Our next stop, Eau Vivre, made a bit of a name for itself this year when it was awarded the Lieutenant Governor’s Award for Excellence in BC wine for the second year in a row (for their 2010 Pinot Noir). Owner Dale Wright filled us in on the details of the presentation ceremony as he poured us tasters, and as we sipped, we could see why they’d won. Similarly to at Orofino, at Eau Vivre you can bring your own picnic, buy a a bottle of vino and enjoy your lunch in the gorgeous gardens – something I could see myself doing regularly if I lived in the area.
At the eastern-most point of the Valley, looking over the banks of the Similkameen River, lies Forbidden Fruit Winery. They’ve been growing organic fruit for almost four decades, so it’s no surprise that they make a pretty great fruit wine. More recently, they’ve started making grape-based wines as well. Their pear wine got my #1 pick (along with their wonderfully picturesque setting).
Making our way back towards where we started in Keremeos, our next stop was Seven Stones Winery. We got lucky with the timing of our visit – they had just opened the new addition to their winery that morning, and we were able to get a tour from owner George Hanson. The addition is somewhat of an unusual one – instead of expanding out, they’ve expanded down, and have built two connected “caves” underneath the existing facility. One of the caves is the new barrel room for the winery and the other will be used for private events and tastings – and the cool temperature and gorgeous finishing will lend itself well to both purposes!

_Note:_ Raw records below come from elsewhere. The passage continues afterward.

lemma rep_poly_comult:
  assumes "finite T" "p \<in> polys (T \<times> T)"
  shows "peval PConst (comult {1..n}) (peval PConst rep_poly p)
      - peval PConst (\<lambda>w. case w of Inl v \<Rightarrow> prename Inl (rep_poly v) | Inr v \<Rightarrow> prename Inr (rep_poly v))
          (peval PConst (comult T) p)
    \<in> (Mideal2 {1..n} :: ((nat \<times> nat) + (nat \<times> nat), 'g::comm_monoid_add) mpol set)"
proof -
  let ?V = "Inl ` ({1..n} \<times> {1..n}) \<union> Inr ` ({1..n} \<times> {1..n})"
  let ?P = "rep_poly :: _ \<Rightarrow> (nat \<times> nat, 'g) mpol"
  define tensor where
    "tensor w = (case w of Inl v \<Rightarrow> prename Inl (?P v) | Inr v \<Rightarrow> prename Inr (?P v))" for w
  have tensor_in_polys: "tensor w \<in> polys ?V" for w
    unfolding tensor_def prename_def using rep_poly_in_polys
    by (auto split: sum.split intro!: polys_peval_PConst polys_PVar)
  have "peval PConst (comult {1..n}) (?P v) - peval PConst tensor (comult T v) \<in> Mideal2 {1..n}"
    if "v \<in> T \<times> T" for v
    using that assms(1) comult_rep_poly
    by (auto simp: comult_def tensor_def peval_sum peval_mult is_ring_hom_PConst)
  moreover have "peval PConst (comult {1..n}) (?P v) \<in> polys ?V" for v
    using rep_poly_in_polys by (blast intro: polys_peval_PConst comult_in_polys)
  moreover have "peval PConst tensor (comult T v) \<in> polys ?V" for v
    unfolding comult_def by (intro polys_peval_PConst tensor_in_polys polys_sum polys_mult) (rule polys_PVar, blast)+
  ultimately show ?thesis
    using assms(2) unfolding Mideal2_def tensor_def[symmetric]
    by (simp add: peval_peval is_ring_hom_PConst gen_ideal_peval_cong)
qed

theorem Ghat_rep_rep_poly: "finite T \<Longrightarrow> Ghat_rep T {1..n} rep_poly"
  unfolding Ghat_rep_def bialg_hom_def
  by (intro conjI ballI rep_poly_in_polys rep_poly_Mrels rep_poly_comult rep_poly_counit
      rep_poly_Ghat_linear)

end

section \<open>Cosets\<close>

lemma (in group_hom) subgroup_vimage:
  "subgroup N H \<Longrightarrow> subgroup {x \<in> carrier G. h x \<in> N} G"
  by unfold_locales (auto simp: subgroup.m_closed subgroup.m_inv_closed subgroup.one_closed)

lemma (in group_hom) normal_vimage:
  assumes "N \<lhd> H"
  shows "{x \<in> carrier G. h x \<in> N} \<lhd> G"
  using assms subgroup_vimage[OF normal_imp_subgroup[OF assms]]
  by (simp add: G.normal_inv_iff normal.inv_op_closed2)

We managed to sneak into Rustic Roots Winery before it closed, which gave us just enough time to try their delicious fruit wines and learn a bit about their fascinating history. The farm that the winery is on was originally founded in the late 1880s, and has been in the family for 5 generations. During that time, it’s been everything from a dairy to a cattle rearing operation, finally finding its place as the winery it is today. The family focuses on sustainability (the 30 acre farm is fully organic), and you can check out photos of the different generations as you taste their wines in the tasting room. History nerd approved!
Last, but definitely not least, was Sage Bush Winery, which is actually located inside of a fruit stand on Highway 3 just at the entrance to the town of Keremeos. They had a very tasty Pinot Gris that was such a unique pink-orange colour, I had to buy a bottle to take with me. And as an added bonus, we were able to snag some of that fresh BC fruit on the way out.
In the end, we didn’t make it through ALL of the area’s wineries (a task I am now willing to admit might be a bit ambitious for a single day), but we definitely experienced enough of the wine and the fantastic people working with it to realize why the Similkameen Valley has made a name for itself as a wine destination. I’m ready for round two!